▶ **Material for this task**:
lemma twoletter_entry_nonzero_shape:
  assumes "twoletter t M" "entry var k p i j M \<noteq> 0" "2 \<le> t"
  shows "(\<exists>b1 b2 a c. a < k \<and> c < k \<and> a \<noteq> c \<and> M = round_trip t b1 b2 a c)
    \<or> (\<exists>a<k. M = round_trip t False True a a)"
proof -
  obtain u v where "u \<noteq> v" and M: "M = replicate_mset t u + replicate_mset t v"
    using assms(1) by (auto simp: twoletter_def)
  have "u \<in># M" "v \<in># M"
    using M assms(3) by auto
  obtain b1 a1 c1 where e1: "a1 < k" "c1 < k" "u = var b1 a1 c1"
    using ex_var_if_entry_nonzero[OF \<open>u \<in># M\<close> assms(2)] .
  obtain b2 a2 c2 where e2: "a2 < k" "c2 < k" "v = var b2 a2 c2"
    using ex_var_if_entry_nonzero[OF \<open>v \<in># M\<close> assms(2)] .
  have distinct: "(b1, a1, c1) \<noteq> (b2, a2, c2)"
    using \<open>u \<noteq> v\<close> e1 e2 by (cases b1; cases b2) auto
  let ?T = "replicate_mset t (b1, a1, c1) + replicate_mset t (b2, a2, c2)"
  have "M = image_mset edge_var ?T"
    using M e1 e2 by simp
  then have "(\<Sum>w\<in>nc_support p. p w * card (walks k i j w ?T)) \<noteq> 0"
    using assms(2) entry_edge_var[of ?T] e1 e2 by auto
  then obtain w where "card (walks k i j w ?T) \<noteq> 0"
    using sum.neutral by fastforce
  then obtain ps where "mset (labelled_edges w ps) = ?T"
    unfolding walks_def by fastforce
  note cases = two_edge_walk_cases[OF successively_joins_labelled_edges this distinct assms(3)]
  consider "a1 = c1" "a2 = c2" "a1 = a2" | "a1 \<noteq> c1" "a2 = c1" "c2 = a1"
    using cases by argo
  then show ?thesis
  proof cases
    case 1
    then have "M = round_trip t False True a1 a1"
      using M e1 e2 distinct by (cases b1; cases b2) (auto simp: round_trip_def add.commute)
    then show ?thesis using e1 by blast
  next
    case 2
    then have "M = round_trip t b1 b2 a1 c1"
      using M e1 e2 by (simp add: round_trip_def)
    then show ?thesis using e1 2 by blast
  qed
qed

...

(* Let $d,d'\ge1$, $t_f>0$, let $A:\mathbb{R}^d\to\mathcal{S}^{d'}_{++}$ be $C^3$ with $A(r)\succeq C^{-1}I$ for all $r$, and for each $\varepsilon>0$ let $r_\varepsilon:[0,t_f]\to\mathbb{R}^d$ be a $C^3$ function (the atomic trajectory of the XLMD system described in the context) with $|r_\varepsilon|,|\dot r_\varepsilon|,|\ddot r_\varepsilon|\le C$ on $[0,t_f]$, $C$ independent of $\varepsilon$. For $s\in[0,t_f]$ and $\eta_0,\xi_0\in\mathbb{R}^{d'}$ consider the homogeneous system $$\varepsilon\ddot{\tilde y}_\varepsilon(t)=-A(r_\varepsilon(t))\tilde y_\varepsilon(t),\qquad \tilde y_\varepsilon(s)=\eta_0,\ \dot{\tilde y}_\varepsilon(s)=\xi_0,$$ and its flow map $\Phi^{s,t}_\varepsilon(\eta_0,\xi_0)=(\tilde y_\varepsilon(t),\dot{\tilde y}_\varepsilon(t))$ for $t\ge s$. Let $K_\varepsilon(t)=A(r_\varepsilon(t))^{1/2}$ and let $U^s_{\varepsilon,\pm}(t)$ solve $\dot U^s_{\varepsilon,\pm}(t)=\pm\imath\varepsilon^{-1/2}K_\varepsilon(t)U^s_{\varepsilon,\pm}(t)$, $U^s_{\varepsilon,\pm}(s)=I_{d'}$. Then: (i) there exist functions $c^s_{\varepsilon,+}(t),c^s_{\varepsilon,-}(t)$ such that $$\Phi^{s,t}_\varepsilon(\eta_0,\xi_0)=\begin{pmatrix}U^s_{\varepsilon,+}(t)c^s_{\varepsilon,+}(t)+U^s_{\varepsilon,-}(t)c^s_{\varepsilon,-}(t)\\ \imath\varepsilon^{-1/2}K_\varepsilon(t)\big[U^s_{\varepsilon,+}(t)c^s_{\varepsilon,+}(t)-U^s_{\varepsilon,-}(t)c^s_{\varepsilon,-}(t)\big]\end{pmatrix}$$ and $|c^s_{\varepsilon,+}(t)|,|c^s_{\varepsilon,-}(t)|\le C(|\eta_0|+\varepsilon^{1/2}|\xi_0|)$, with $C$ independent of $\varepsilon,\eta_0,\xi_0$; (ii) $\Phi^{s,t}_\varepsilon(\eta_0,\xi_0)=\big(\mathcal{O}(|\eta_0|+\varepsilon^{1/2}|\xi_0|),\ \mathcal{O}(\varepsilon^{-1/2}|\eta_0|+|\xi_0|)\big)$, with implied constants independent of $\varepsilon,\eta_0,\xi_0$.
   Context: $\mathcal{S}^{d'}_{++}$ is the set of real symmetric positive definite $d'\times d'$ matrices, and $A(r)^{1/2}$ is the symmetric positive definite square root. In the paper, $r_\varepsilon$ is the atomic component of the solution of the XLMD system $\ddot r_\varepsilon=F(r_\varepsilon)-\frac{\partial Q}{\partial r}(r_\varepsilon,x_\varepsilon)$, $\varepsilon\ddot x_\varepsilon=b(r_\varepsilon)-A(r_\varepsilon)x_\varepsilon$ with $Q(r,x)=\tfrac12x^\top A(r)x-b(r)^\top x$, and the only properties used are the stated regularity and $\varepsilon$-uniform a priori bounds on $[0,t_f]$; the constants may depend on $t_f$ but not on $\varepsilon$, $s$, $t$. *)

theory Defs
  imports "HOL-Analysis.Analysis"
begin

▶ **Task goal**: In the entries above, find the line with "obtain u v where" and the line with "obtain b1 a1", then restate word for word both of them and every line between, with nothing more.

▶ **Your response**:
  obtain u v where "u \<noteq> v" and M: "M = replicate_mset t u + replicate_mset t v"
    using assms(1) by (auto simp: twoletter_def)
  have "u \<in># M" "v \<in># M"
    using M assms(3) by auto
  obtain b1 a1 c1 where e1: "a1 < k" "c1 < k" "u = var b1 a1 c1"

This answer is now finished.